◆ **Task requirements**
Where in the listing does the string "imports" appear? Copy every line that holds it.

◆ **Input records**
(* Let $a_0,a_1,a_2,a_3\in\mathbb{R}$ and consider the binary quartic form $$f(x,y)=-x^4+a_3x^3y+a_2x^2y^2+a_1xy^3+a_0y^4 .$$ Let $$b_0=\tfrac14\,(-a_1^2-a_1a_2a_3+a_0a_3^2),\quad b_1=-\tfrac14\,(4a_0+a_2^2+a_1a_3),\quad b_2=-\tfrac{a_2}{2},\quad \lambda_0=\frac{4b_2+2\sqrt{3b_1+4b_2^2}}{3}.$$ Then $f$ is negative semi-definite if and only if $\lambda_0$ is real and $$\lambda_0\ge \frac{a_3^2}{4},\qquad -\tfrac14\lambda_0^3+b_2\lambda_0^2+b_1\lambda_0+b_0\ge 0 .$$ Moreover, $f$ is negative definite if and only if $\lambda_0$ is real and $$\lambda_0> \frac{a_3^2}{4},\qquad -\tfrac14\lambda_0^3+b_2\lambda_0^2+b_1\lambda_0+b_0> 0 .$$
   Context: A binary form $f(x,y)$ with real coefficients is negative definite (resp. negative semi-definite) if $f(x,y)<0$ (resp. $f(x,y)\le 0$) for all real $x,y$ not both zero. The quantity $\lambda_0$ is real exactly when $3b_1+4b_2^2\ge 0$. *)

theory Defs
  imports Complex_Main
begin

definition neg_definite :: "(real \<Rightarrow> real \<Rightarrow> real) \<Rightarrow> bool" where
  "neg_definite f \<longleftrightarrow> (\<forall>x y. (x, y) \<noteq> (0, 0) \<longrightarrow> f x y < 0)"

definition neg_semidefinite :: "(real \<Rightarrow> real \<Rightarrow> real) \<Rightarrow> bool" where
  "neg_semidefinite f \<longleftrightarrow> (\<forall>x y. (x, y) \<noteq> (0, 0) \<longrightarrow> f x y \<le> 0)"

end

theory Submission
  imports Defs "HOL-Real_Asymp.Real_Asymp"
begin

(*
  Since f(x, 0) = -x^4, the form f is negative (semi)definite iff its dehomogenisation g x = f x 1
  is negative (nonpositive) everywhere.  Ferrari's decomposition writes, for every m,
    g x = - (x^2 - a3/2 x - (a2 + m)/2)^2 + (quad_a m x^2 + quad_b m x + quad_c m),
  and the discriminant of the quadratic part is -4 H(m) for the resolvent cubic H = resolvent b0 b1 b2,
  whose leading coefficient is -1/4 and whose larger critical point is l0 = resolvent_peak b1 b2.
  Sufficiency: at m = l0 the hypotheses make the quadratic part nonpositive (negative).
  Necessity: let x0 maximise g and choose m so that the square vanishes at x0.  Then the quadratic
  part is g x0 + quad_a m (x - x0)^2, so maximality gives quad_a m <= 0, i.e. m >= a3^2/4, and
  H(m) = -(m - a3^2/4) g x0 >= 0, while H(a3^2/4) <= 0.  Hence H rises somewhere to the right of
  a3^2/4, so l0 lies there and H(l0) >= H(m); in the degenerate case m = a3^2/4 one uses
  H'(m) = -g x0 >= 0 instead.
*)

lemma neg_semidefinite_iff_dehomogenized:
  fixes f :: "real \<Rightarrow> real \<Rightarrow> real"
  assumes "even n"
    and homogeneous: "\<And>t x y. f (t * x) (t * y) = t ^ n * f x y"
    and axis: "\<And>x. x \<noteq> 0 \<Longrightarrow> f x 0 < 0"
  shows "neg_semidefinite f \<longleftrightarrow> (\<forall>x. f x 1 \<le> 0)"
proof
  assume "neg_semidefinite f"
  then show "\<forall>x. f x 1 \<le> 0" by (simp add: neg_semidefinite_def)
next
  assume dehom: "\<forall>x. f x 1 \<le> 0"
  have "f x y \<le> 0" if "y \<noteq> 0" for x y
  proof -
    have "f x y = y ^ n * f (x / y) 1" using homogeneous[of y "x / y" 1] that by simp
    also have "\<dots> \<le> 0"
      using dehom zero_le_even_power[OF \<open>even n\<close>, of y] by (simp add: mult_nonneg_nonpos)
    finally show ?thesis .
  qed
  then show "neg_semidefinite f"
    using axis by (metis neg_semidefinite_def order_less_imp_le prod.inject)
qed

lemma neg_definite_iff_dehomogenized:
  fixes f :: "real \<Rightarrow> real \<Rightarrow> real"
  assumes "even n"
    and homogeneous: "\<And>t x y. f (t * x) (t * y) = t ^ n * f x y"
    and axis: "\<And>x. x \<noteq> 0 \<Longrightarrow> f x 0 < 0"
  shows "neg_definite f \<longleftrightarrow> (\<forall>x. f x 1 < 0)"
proof
  assume "neg_definite f"
  then show "\<forall>x. f x 1 < 0" by (simp add: neg_definite_def)
next
  assume dehom: "\<forall>x. f x 1 < 0"
  have "f x y < 0" if "y \<noteq> 0" for x y
  proof -
    have "f x y = y ^ n * f (x / y) 1" using homogeneous[of y "x / y" 1] that by simp
    also have "\<dots> < 0" using dehom that \<open>even n\<close> by (simp add: mult_pos_neg zero_less_power_eq)
    finally show ?thesis .
  qed
  then show "neg_definite f" using axis by (metis neg_definite_def prod.inject)
qed

lemma quadratic_nonpos:
  fixes A B C x :: real
  assumes "A \<le> 0" and "B^2 \<le> 4 * A * C" and "A = 0 \<Longrightarrow> C \<le> 0"
  shows "A * x^2 + B * x + C \<le> 0"
proof (cases "A = 0")
  case True
  then show ?thesis using assms by simp
next
  case False
  have "4 * A * (A * x^2 + B * x + C) = (2 * A * x + B)^2 + (4 * A * C - B^2)"
    by (simp add: algebra_simps power2_eq_square)
  also have "\<dots> \<ge> 0" using assms by simp
  finally show ?thesis using assms(1) False by (simp add: zero_le_mult_iff)
qed

lemma quadratic_neg:
  fixes A B C x :: real
  assumes "A < 0" and "B^2 < 4 * A * C"
  shows "A * x^2 + B * x + C < 0"
proof -
  have "4 * A * (A * x^2 + B * x + C) = (2 * A * x + B)^2 + (4 * A * C - B^2)"
    by (simp add: algebra_simps power2_eq_square)
  also have "\<dots> > 0" using assms by (simp add: add_nonneg_pos)
  finally show ?thesis using assms(1) by (simp add: zero_less_mult_iff)
qed

lemma nonneg_of_shifted_square_add_nonneg:
  fixes c d x0 :: real
  assumes "\<And>x. x \<noteq> x0 \<Longrightarrow> 0 \<le> (x + c)^2 + d"
  shows "0 \<le> d"
proof (rule ccontr)
  assume "\<not> 0 \<le> d"
  define t where "t = sqrt (- d / 2)"
  have "t \<noteq> 0" and "t^2 = - d / 2" using \<open>\<not> 0 \<le> d\<close> by (auto simp: t_def)
  then obtain x where "x \<noteq> x0" and "(x + c)^2 = - d / 2"
    by (cases "- c + t = x0") (auto intro!: that[of "- c + t"] that[of "- c - t"])
  then show False using assms[of x] \<open>\<not> 0 \<le> d\<close> by simp
qed

lemma continuous_attains_global_max:
  fixes f :: "real \<Rightarrow> real"
  assumes "continuous_on UNIV f" and "filterlim f at_bot at_top" and "filterlim f at_bot at_bot"
  shows "\<exists>x0. \<forall>x. f x \<le> f x0"
proof -
  obtain R1 where R1: "\<And>x. x \<ge> R1 \<Longrightarrow> f x \<le> f 0"
    using assms(2) by (auto simp: filterlim_at_bot eventually_at_top_linorder)
  obtain R2 where R2: "\<And>x. x \<le> R2 \<Longrightarrow> f x \<le> f 0"
    using assms(3) by (auto simp: filterlim_at_bot eventually_at_bot_linorder)
  define K where "K = {min R2 0..max R1 0}"
  have "compact K" and "K \<noteq> {}" by (auto simp: K_def)
  then obtain x0 where max_on_K: "\<forall>x\<in>K. f x \<le> f x0"
    using continuous_attains_sup continuous_on_subset[OF assms(1) subset_UNIV] by blast
  have "f x \<le> f x0" for x
  proof (cases "x \<in> K")
    case False
    then have "f x \<le> f 0" using R1 R2 by (force simp: K_def)
    also have "f 0 \<le> f x0" using max_on_K by (simp add: K_def)
    finally show ?thesis .
  qed (use max_on_K in blast)
  then show ?thesis by blast
qed

definition resolvent :: "real \<Rightarrow> real \<Rightarrow> real \<Rightarrow> real \<Rightarrow> real" where
  "resolvent b0 b1 b2 m = - ((1/4) * m^3) + b2 * m^2 + b1 * m + b0"

definition resolvent_deriv :: "real \<Rightarrow> real \<Rightarrow> real \<Rightarrow> real" where
  "resolvent_deriv b1 b2 m = - (3/4) * m^2 + 2 * b2 * m + b1"

definition resolvent_peak :: "real \<Rightarrow> real \<Rightarrow> real" where
  "resolvent_peak b1 b2 = (4 * b2 + 2 * sqrt (3 * b1 + 4 * b2^2)) / 3"

lemma resolvent_deriv_eq_vertex_form:
  "resolvent_deriv b1 b2 m = (3 * b1 + 4 * b2^2) / 3 - 3/4 * (m - 4 * b2 / 3)^2"
  by (simp add: resolvent_deriv_def field_simps power2_eq_square)

lemma resolvent_deriv_peak:
  assumes "0 \<le> 3 * b1 + 4 * b2^2"
  shows "resolvent_deriv b1 b2 (resolvent_peak b1 b2) = 0"
proof -
  have "(resolvent_peak b1 b2 - 4 * b2 / 3)^2 = (2/3 * sqrt (3 * b1 + 4 * b2^2))^2"
    by (simp add: resolvent_peak_def field_simps)
  also have "\<dots> = 4/9 * (3 * b1 + 4 * b2^2)"
    using assms by (simp add: power_mult_distrib power2_eq_square)
  finally show ?thesis by (simp add: resolvent_deriv_eq_vertex_form)
qed

lemma resolvent_deriv_nonneg_bounds:
  assumes "0 \<le> resolvent_deriv b1 b2 m"
  shows "0 \<le> 3 * b1 + 4 * b2^2"
    and "(4 * b2 - 2 * sqrt (3 * b1 + 4 * b2^2)) / 3 \<le> m"
    and "m \<le> resolvent_peak b1 b2"
proof -
  have "(3/2 * \<bar>m - 4 * b2 / 3\<bar>)^2 = 9/4 * (m - 4 * b2 / 3)^2"
    unfolding power_mult_distrib power2_abs by (simp add: power2_eq_square)
  also have "\<dots> \<le> 3 * b1 + 4 * b2^2"
    using assms by (simp add: resolvent_deriv_eq_vertex_form)
  finally have sq_le: "(3/2 * \<bar>m - 4 * b2 / 3\<bar>)^2 \<le> 3 * b1 + 4 * b2^2" .
  then show "0 \<le> 3 * b1 + 4 * b2^2" by (rule order_trans[OF zero_le_power2])
  from sq_le have "3/2 * \<bar>m - 4 * b2 / 3\<bar> \<le> sqrt (3 * b1 + 4 * b2^2)"
    by (rule real_le_rsqrt)
  then show "(4 * b2 - 2 * sqrt (3 * b1 + 4 * b2^2)) / 3 \<le> m" "m \<le> resolvent_peak b1 b2"
    by (auto simp: resolvent_peak_def abs_le_iff field_simps)
qed

lemma resolvent_deriv_pos_bounds:
  assumes "0 < resolvent_deriv b1 b2 m"
  shows "(4 * b2 - 2 * sqrt (3 * b1 + 4 * b2^2)) / 3 < m"
    and "m < resolvent_peak b1 b2"
proof -
  have "(3/2 * \<bar>m - 4 * b2 / 3\<bar>)^2 = 9/4 * (m - 4 * b2 / 3)^2"
    unfolding power_mult_distrib power2_abs by (simp add: power2_eq_square)
  also have "\<dots> < 3 * b1 + 4 * b2^2"
    using assms by (simp add: resolvent_deriv_eq_vertex_form)
  finally have "(3/2 * \<bar>m - 4 * b2 / 3\<bar>)^2 < 3 * b1 + 4 * b2^2" .
  then have "3/2 * \<bar>m - 4 * b2 / 3\<bar> < sqrt (3 * b1 + 4 * b2^2)"
    by (rule real_less_rsqrt)
  then show "(4 * b2 - 2 * sqrt (3 * b1 + 4 * b2^2)) / 3 < m" "m < resolvent_peak b1 b2"
    by (auto simp: resolvent_peak_def abs_less_iff field_simps)
qed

◆ **Task output**
  imports Complex_Main
  imports Defs "HOL-Real_Asymp.Real_Asymp"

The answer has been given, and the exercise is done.